Each object can contain multiple entries alongside other objects. Each entry has a name, a type and a value. This only applies to ascii and safe binary encodings.
Header¶
The header of ZEN archives consists of two parts. The first has the same structure for every archive and the second
differs between encodings. The first part of the header looks like this. Variable elements of the header have been
replaced by <...>
placeholders.
ZenGin Archive
ver 1
<archiver>
<encoding>
saveGame <issave>
date <timestamp>
user <username>
END
Line breaks denote only one newline (\n
) character. The <archiver>
is a string value, being either
zCArchiverGeneric
or zCArchiverBinSafe
, in reference to the names of the ZEN archive parser classes in the
original source code. <encoding>
specifies the type of archive in the file. It is either ASCII
(for ascii encoded archives), BINARY
(for binary encoded archives) or BIN_SAFE
(for safe binary encoded archives). If the archive is a save game file <issave>
is set to 1
,
otherwise it is 0
. <timestamp>
denotes the date and time the archive was created. It follows the
strptime format %d.%m.%Y %H:%M:%S
. <username>
is the name of the user
(originally the windows account name) the archive was created by. For save games this contains the name of the user
who saved the game. Refer to the example above for a filled-out version of the header.

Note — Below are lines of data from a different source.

(* Let $0<a$ and let $\mathbf v_c=(v_{c1},v_{c2},v_{c3},v_{c4})$ satisfy $a\le v_{c1}\le v_{c2}\le v_{c3}\le v_{c4}<\infty$. Let $\mathbf p_c=(p_{c1},p_{c2},p_{c3},p_{c4})$ be the unique maximizer of $L_{\mathbf v_c}$ over the simplex $\Delta$. For $\mathbf v_t\in[a,\infty)^4$ put $$R(\mathbf v_t,\mathbf v_c)=1-\left(\frac{L_{\mathbf v_t}(\mathbf p_c)}{\max_{\mathbf p\in\Delta}L_{\mathbf v_t}(\mathbf p)}\right)^{1/3},$$ and $R_{\max}(c)=\sup_{\mathbf v_t\in[a,\infty)^4}R(\mathbf v_t,\mathbf v_c)$. (i) If $v_{c4}\ge v_{c1}+v_{c2}+v_{c3}$, then $R_{\max}(c)=1$. (ii) If $v_{c4}<v_{c1}+v_{c2}+v_{c3}$, then $R_{\max}(c)=1-3\,(p_{c2}p_{c3}p_{c4})^{1/3}$.
   Context: Setting: a $2^2$ experiment with binary response under a generalized linear model with main-effects linear predictor $\eta=\beta_0+\beta_1x_1+\beta_2x_2$. A design is a vector $\mathbf p=(p_1,p_2,p_3,p_4)$ in the simplex $\Delta=\{p_i\ge0,\ \sum_i p_i=1\}$. With $w_i>0$ the GLM weights at the four design points and $v_i=1/w_i$, the $D$-criterion equals $16w_1w_2w_3w_4L_{\mathbf v}(\mathbf p)$ where $$L_{\mathbf v}(\mathbf p)=v_4p_1p_2p_3+v_3p_1p_2p_4+v_2p_1p_3p_4+v_1p_2p_3p_4 .$$ For every $\mathbf v$ with positive entries, $L_{\mathbf v}$ has a unique maximizer on $\Delta$. $\mathbf v_c$ is the assumed value, $\mathbf v_t$ the true value, and $R$ the relative loss of efficiency. *)

theory Defs
  imports Complex_Main
begin

text \<open>Vectors in R^4 are represented as functions nat => real, indexed by 1..4.
  A design is normalised to vanish outside the index set {1..4}, so that the
  maximiser of L_v over the simplex is unique as a function.\<close>

definition simplex4 :: "(nat \<Rightarrow> real) set" where
  "simplex4 = {p. (\<forall>i\<in>{1..4}. 0 \<le> p i) \<and> (\<forall>i. i \<notin> {1..4} \<longrightarrow> p i = 0)
                  \<and> p 1 + p 2 + p 3 + p 4 = 1}"

definition Lv :: "(nat \<Rightarrow> real) \<Rightarrow> (nat \<Rightarrow> real) \<Rightarrow> real" where
  "Lv v p = v 4 * p 1 * p 2 * p 3 + v 3 * p 1 * p 2 * p 4
          + v 2 * p 1 * p 3 * p 4 + v 1 * p 2 * p 3 * p 4"

definition argmaxL :: "(nat \<Rightarrow> real) \<Rightarrow> (nat \<Rightarrow> real)" where
  "argmaxL v = (THE p. p \<in> simplex4 \<and> (\<forall>q\<in>simplex4. Lv v q \<le> Lv v p))"

definition maxL :: "(nat \<Rightarrow> real) \<Rightarrow> real" where
  "maxL v = Sup (Lv v ` simplex4)"

definition Rloss :: "(nat \<Rightarrow> real) \<Rightarrow> (nat \<Rightarrow> real) \<Rightarrow> real" where
  "Rloss vt vc = 1 - (Lv vt (argmaxL vc) / maxL vt) powr (1/3)"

The encoding-specific headers follow directly after the END\n
line of the first header as can be seen in the
example.
Objects¶
Objects in ZEN archives consist of an object name, a class name, a version identifier and an index. The object
name is used to describe a unique sub-object of another while the class name is used to identify the type of the object.
A ZEN archive object [visual zCParticleFX 0 6]
describes a specific sub-object visual
of type zCParticleFX
meaning it has a set of entries consistent with the definition of a zCParticleFX
. Objects without an
object name just contain a %
instead. Objects always end with []
.
Note
This behavior can be seen in the example above. Every object with the class name zCVob
has
the same set of entries as shown in the example.
Danger
The object name must be unique within each sub-object. A ZEN archive like this is invalid.
Class names originally referenced a specific class in C++-code. These classes were polymorphic so an object with a class
name zCVobLight:zCVob
contains both entries of type zCVob
and zCVobLight
. The entries of the
super-class always precede the entries of the subclass, so the zCVobLight:zCVob
would first contain all
entries of zCVob
and then all entries of zCVobLight
. Objects without a class name just
contain a %
instead.
Warning
Class and object names may not contain spaces.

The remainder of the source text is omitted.